Universal activated aging and weak ergodicity breaking in spin and structural glasses
Bin Li, Deng Pan, Ting Qu, Yuliang Jin
TL;DR
The paper develops a unified, landscape-based framework for activated aging in glasses by introducing a generalized trap model (GTM) that includes finite-size corrections to barrier-energy distributions. The authors derive aging dynamics through the arcsin law, predicting a WEB phase at $T_{ m WEB}$ distinct from the SEB transition temperature, and they show a logarithmic decay of correlations due to activation clusters, with a finite-size–dependent logarithmic term. They validate the GTM with random-energy models (Gaussian and exponential), barrier-tree analyses, and structural-glass simulations (WCA and amorphous SiO$_2$), and they establish a barrier-tree–based tree-expansion theory that yields universal barrier statistics and an intrinsic static length $\xi_{\rm ag}$ that can be extracted from non-equilibrium dynamics. The results yield a unified WEB ergodic phase diagram, connect aging dynamics to RFOT scaling, and demonstrate a consistent picture across spin and structural glasses, providing a practical route to infer static lengths from aging data and supporting RFOT predictions.
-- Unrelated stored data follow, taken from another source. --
(* Let $x_1,x_2,\dots$ be i.i.d. random variables with values in $[-R,R]$, $\beta>0$, $\hat\rho_n=\frac1\beta\ln\big(\frac1n\sum_{t=1}^n\exp(\beta x_t)\big)$, and $\mu=\lim_{n\to\infty}\mathbb{E}[\hat\rho_n]=\frac1\beta\ln\mathbb{E}[\exp(\beta x_1)]$. Then there exist constants $\theta>1$, $\xi>1$ and $1/2\le\eta<1$ such that for any $z\ge1$ and $n\in\mathbb{N}$, $$\mathbb{P}[n\hat\rho_n-n\mu\ge n^\eta z]\le\frac{\theta}{z^\xi},\qquad \mathbb{P}[n\hat\rho_n-n\mu\le -n^\eta z]\le\frac{\theta}{z^\xi}.$$ *)

theory Defs
  imports "HOL-Probability.Probability"
begin

text \<open>Empirical entropic risk estimator
  rho_hat_n = (1/beta) ln((1/n) sum_{t=1}^n exp(beta x_t)); the sequence is indexed from 0,
  so x_1,...,x_n correspond to X 0, ..., X (n-1).\<close>
definition rho_hat :: "real \<Rightarrow> (nat \<Rightarrow> 'a \<Rightarrow> real) \<Rightarrow> nat \<Rightarrow> 'a \<Rightarrow> real" where
  "rho_hat \<beta> X n \<omega> = (1 / \<beta>) * ln ((1 / real n) * (\<Sum>t<n. exp (\<beta> * X t \<omega>)))"

end

theory Submission
  imports Defs
begin

text \<open>
  Put \<open>m = E[exp (\<beta> x\<^sub>1)]\<close> and \<open>S\<^sub>n = \<Sum>\<^sub>t exp (\<beta> x\<^sub>t)\<close>. Then
  \<open>n \<rho>\<^sub>n - n \<mu> = (n / \<beta>) ln (S\<^sub>n / (n m))\<close>, and the elementary bounds
  \<open>1 - 1/t \<le> ln t \<le> t - 1\<close> turn a deviation of size \<open>\<surd>n z\<close> of this quantity into a
  deviation of order \<open>\<surd>n z\<close> of \<open>S\<^sub>n\<close> from its mean \<open>n m\<close>. The summands
  \<open>exp (\<beta> x\<^sub>t)\<close> are i.i.d. with values in a compact interval of positive reals, so
  Hoeffding's inequality bounds the probability of such a deviation by \<open>exp (- c z\<^sup>2) \<le> \<theta> / z\<^sup>2\<close>.
  Hence \<open>\<eta> = 1/2\<close> and \<open>\<xi> = 2\<close> work.
\<close>

lemma ln_div_ge_imp_ge:
  fixes S N d :: real
  assumes "0 < S" "0 < N" "d \<le> ln (S / N)"
  shows "N + N * d \<le> S"
proof -
  have "d \<le> S / N - 1"
    using assms(3) ln_le_minus_one[of "S / N"] assms(1,2) by simp
  then show ?thesis
    using assms(2) by (simp add: field_simps)
qed

lemma ln_div_le_imp_le:
  fixes S N d :: real
  assumes "0 < S" "0 < N" "ln (S / N) \<le> - d"
  shows "S + S * d \<le> N"
proof -
  have "ln (N / S) \<le> N / S - 1"
    using assms(1,2) by (intro ln_le_minus_one) simp
  moreover have "ln (N / S) = - ln (S / N)"
    using assms(1,2) by (simp add: ln_div)
  ultimately have "d \<le> N / S - 1"
    using assms(3) by linarith
  then show ?thesis
    using assms(1) by (simp add: field_simps)
qed

lemma exp_neg_le_inverse:
  fixes x :: real
  assumes "0 < x"
  shows "exp (- x) \<le> 1 / x"
proof -
  have "x \<le> exp x"
    using exp_ge_add_one_self[of x] by linarith
  then show ?thesis
    using assms by (simp add: exp_minus field_simps)
qed

context Hoeffding_ineq_iid
begin

lemma lower_le_expectation: "a \<le> \<mu>"
proof -
  interpret Y: interval_bounded_random_variable M Y a b
    by unfold_locales (fact rv_Y, fact AE_in_interval)
  have "expectation (\<lambda>_. a) \<le> expectation Y"
    by (intro integral_mono_AE eventually_mono[OF AE_in_interval]) auto
  then show ?thesis
    by (simp add: \<mu>_def prob_space)
qed

lemma AE_sum_ge_lower: "AE x in M. real (card I) * a \<le> (\<Sum>i\<in>I. X i x)"
proof -
  have "AE x in M. \<forall>i\<in>I. X i x \<in> {a..b}"
    by (intro AE_finite_allI[OF fin] X.AE_in_interval)
  then show ?thesis
    by eventually_elim (use sum_mono[of I "\<lambda>_. a"] in auto)
qed

lemma prob_ln_mean_ratio_ge:
  assumes "0 < a" "a < b" "I \<noteq> {}" "0 \<le> \<epsilon>"
  defines "n \<equiv> card I"
  shows "prob {x \<in> space M. \<epsilon> \<le> sqrt n * ln ((\<Sum>i\<in>I. X i x) / (n * \<mu>))}
           \<le> exp (- 2 * \<mu>\<^sup>2 * \<epsilon>\<^sup>2 / (b - a)\<^sup>2)"
proof -
  have n: "0 < n" and \<mu>: "0 < \<mu>"
    using assms(1,3) fin lower_le_expectation by (auto simp: n_def card_gt_0_iff)
  have "AE x in M. \<epsilon> \<le> sqrt n * ln ((\<Sum>i\<in>I. X i x) / (n * \<mu>))
          \<longrightarrow> n * \<mu> + sqrt n * \<mu> * \<epsilon> \<le> (\<Sum>i\<in>I. X i x)"
    using AE_sum_ge_lower
  proof eventually_elim
    case (elim x)
    show ?case
    proof
      assume "\<epsilon> \<le> sqrt n * ln ((\<Sum>i\<in>I. X i x) / (n * \<mu>))"
      then have "\<epsilon> / sqrt n \<le> ln ((\<Sum>i\<in>I. X i x) / (n * \<mu>))"
        using n by (simp add: divide_le_eq mult.commute)
      moreover have "0 < (\<Sum>i\<in>I. X i x)"
        using elim mult_pos_pos[OF _ assms(1), of "real n"] n unfolding n_def by linarith
      ultimately have "n * \<mu> + n * \<mu> * (\<epsilon> / sqrt n) \<le> (\<Sum>i\<in>I. X i x)"
        using n \<mu> by (intro ln_div_ge_imp_ge) auto
      moreover have "n * \<mu> * (\<epsilon> / sqrt n) = sqrt n * \<mu> * \<epsilon>"
        using n by (simp add: field_simps real_sqrt_mult_self)
      ultimately show "n * \<mu> + sqrt n * \<mu> * \<epsilon> \<le> (\<Sum>i\<in>I. X i x)"
        by simp
    qed
  qed
  then have "prob {x \<in> space M. \<epsilon> \<le> sqrt n * ln ((\<Sum>i\<in>I. X i x) / (n * \<mu>))}
      \<le> prob {x \<in> space M. (\<Sum>i\<in>I. X i x) \<ge> n * \<mu> + sqrt n * \<mu> * \<epsilon>}"
    by (intro finite_measure_mono_AE) auto
  also have "\<dots> \<le> exp (- 2 * (sqrt n * \<mu> * \<epsilon>)\<^sup>2 / (n * (b - a)\<^sup>2))"
    unfolding n_def using assms(2-4) \<mu> by (intro Hoeffding_ineq_ge) auto
  also have "\<dots> = exp (- 2 * \<mu>\<^sup>2 * \<epsilon>\<^sup>2 / (b - a)\<^sup>2)"
    using n by (simp add: power_mult_distrib)
  finally show ?thesis .
qed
Overall, the work offers a comprehensive, quantitative theory for activated aging with broad implications for understanding glassy dynamics and the emergence of static length scales from non-equilibrium measurements.
Abstract
Glasses possess complex energy landscapes and exhibit non-equilibrium aging dynamics. Here, we propose a generalized trap model for activated aging based on a key static property of the energy landscape: the distribution of energy barriers. Our theory predicts that, upon cooling, weak ergodicity breaking (WEB) in quenching dynamics occurs prior to strong ergodicity breaking in equilibrium dynamics. Furthermore, the theory indicates that the characteristic size of activation clusters can be deduced from the logarithmic decay of the time-correlation function. We rigorously test the model's assumptions and predictions using the simplest spin glass model - the random energy model. The predicted aging behavior is also universally observed in paradigmatic structural glasses, including the Weeks-Chandler-Andersen (WCA) model and amorphous silica. Remarkably, applying our framework to the WCA model allows us to extract a static length from the non equilibrium dynamics, extending its observable growth range from a mere factor of 2-3 to a full order of magnitude and providing supportive evidence for the random first-order transition scenario. Finally, we propose a unified ergodic-WEB phase diagram for aging dynamics in general glassy systems.